In [59]:
import pandas as pd
import json

# q: how can we represent players as feature vectors?
raw_features_fp = '/playpen-storage/levlevi/player-re-id/src/data/raw_features.json'
raw_features_df_fp = '/playpen-storage/levlevi/player-re-id/src/data/team_rosters_df.csv'
with open(raw_features_fp, 'r') as f:
    raw_features = json.load(f)
raw_features_df = pd.read_csv(raw_features_df_fp)

In [60]:
# which features are redundant?
df_redundant_features_dropped = raw_features_df[['team_id', 'player_id', 'jersey_number']]

df_redundant_features_dropped['player_in_game'] = [False] * len(df_redundant_features_dropped)

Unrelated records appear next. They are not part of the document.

(* Reading the inversion counts from the right, k_i(sigma) = c_(n-i)(sigma) is the Lehmer code:
   it identifies S_n with the sequences satisfying k_i <= i that vanish from n on.  The embedding
   iota_n only appends a zero to the code, so S_infinity is identified with the finitely supported
   sequences with k_i <= i, and LF_2 becomes the sum of 2^i - 2^(i - k_i) over the i with k_i > 0.
   Such a term equals 2^(i-1) + 2^(i-2) + ... + 2^(i-k_i), a run of k_i binary digits, so listing
   the pairs (i - 1, k_i - 1) in decreasing order of i is a bijection onto the sequences counted
   by s(m): those starting with k form S_k(m), and the empty sequence accounts for m = 0. *)

section \<open>Lehmer codes of permutations\<close>

lemma cc_le: "cc n \<sigma> j \<le> n - j"
proof -
  have "cc n \<sigma> j \<le> card {j<..n}"
    unfolding cc_def by (intro card_mono) auto
  then show ?thesis by simp
qed

lemma cc_eq_card_smaller_values:
  assumes "\<sigma> permutes {1..n}" and "i \<in> {1..n}"
  shows "cc n \<sigma> i = card {v \<in> \<sigma> ` {j \<in> {1..n}. i \<le> j}. v < \<sigma> i}"
proof -
  have "{v \<in> \<sigma> ` {j \<in> {1..n}. i \<le> j}. v < \<sigma> i} = \<sigma> ` {j \<in> {1..n}. i < j \<and> \<sigma> j < \<sigma> i}"
    using assms(2) by (auto simp: le_less)
  then show ?thesis
    unfolding cc_def using permutes_inj_on[OF assms(1)] by (simp add: card_image)
qed
(* The class of halfspaces over $\mathbb{R}^2$ has a lossless compression scheme of size $5$ with respect to the comparison oracle (together with label queries), with the trivial inference rule.
   Context: A halfspace over $\mathbb{R}^2$ is $x\mapsto\mathrm{sign}(h(x))$ with $h(x)=\langle v,x\rangle+b$, $v\in S^1$, $b\in\mathbb{R}$ (label $1$ iff $h(x)\ge0$). A label query on $x$ returns its label; a comparison query on $x,x'$ returns whether $\langle x,v\rangle\ge\langle x',v\rangle$ (equivalently $h(x)\ge h(x')$). For $S\subseteq\mathbb{R}^2$, $Q_h(S)$ is the set of all combinations of valid responses to label and comparison queries on $S$, and $q(S)|_W$ its restriction to $W\subseteq S$. The label of $x$ is inferred by $q(S)$ if all halfspaces consistent with $q(S)$ give $x$ the same label; $I(q(S))$ is the set of such points. A lossless compression scheme of size $k$: for every halfspace $h$, every $S$ on which $h$'s label is constant, and every $q(S)\in Q_h(S)$, there is $W\subseteq S$ with $|W|\le k$ and $I(q(S))=I(q(S)|_W)$. *)

theory Defs
  imports "HOL-Analysis.Analysis"
begin

type_synonym pt = "real^2"

definition is_halfspace :: "pt \<times> real \<Rightarrow> bool" where
  "is_halfspace h \<longleftrightarrow> norm (fst h) = 1"

definition hval :: "pt \<times> real \<Rightarrow> pt \<Rightarrow> real" where
  "hval h x = fst h \<bullet> x + snd h"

# which features can be one-hot encoded?
df_one_hot_team_id = pd.get_dummies(df_redundant_features_dropped, columns=['team_id'])

A value is trying to be set on a copy of a slice from a DataFrame.
Try using .loc[row_indexer,col_indexer] = value instead

See the caveats in the documentation: https://pandas.pydata.org/pandas-docs/stable/user_guide/indexing.html#returning-a-view-versus-a-copy
  df_redundant_features_dropped['player_in_game'] = [False] * len(df_redundant_features_dropped)


### Convert Ground-Truth Features to Embeddings (1x45)
***

In [61]:
import pandas as pd
import numpy as np
from gensim.models import FastText
from sklearn.preprocessing import StandardScaler

JERSEY_VECTOR_SIZE = 30
df = df_one_hot_team_id.copy()

# prepare data for FastText embedding
jersey_numbers = df['jersey_number'].astype(str).tolist()

sentences = [[char for char in number] for number in jersey_numbers]
# train a FastText model
model = FastText(sentences, vector_size=JERSEY_VECTOR_SIZE, window=1, min_count=1, sg=1)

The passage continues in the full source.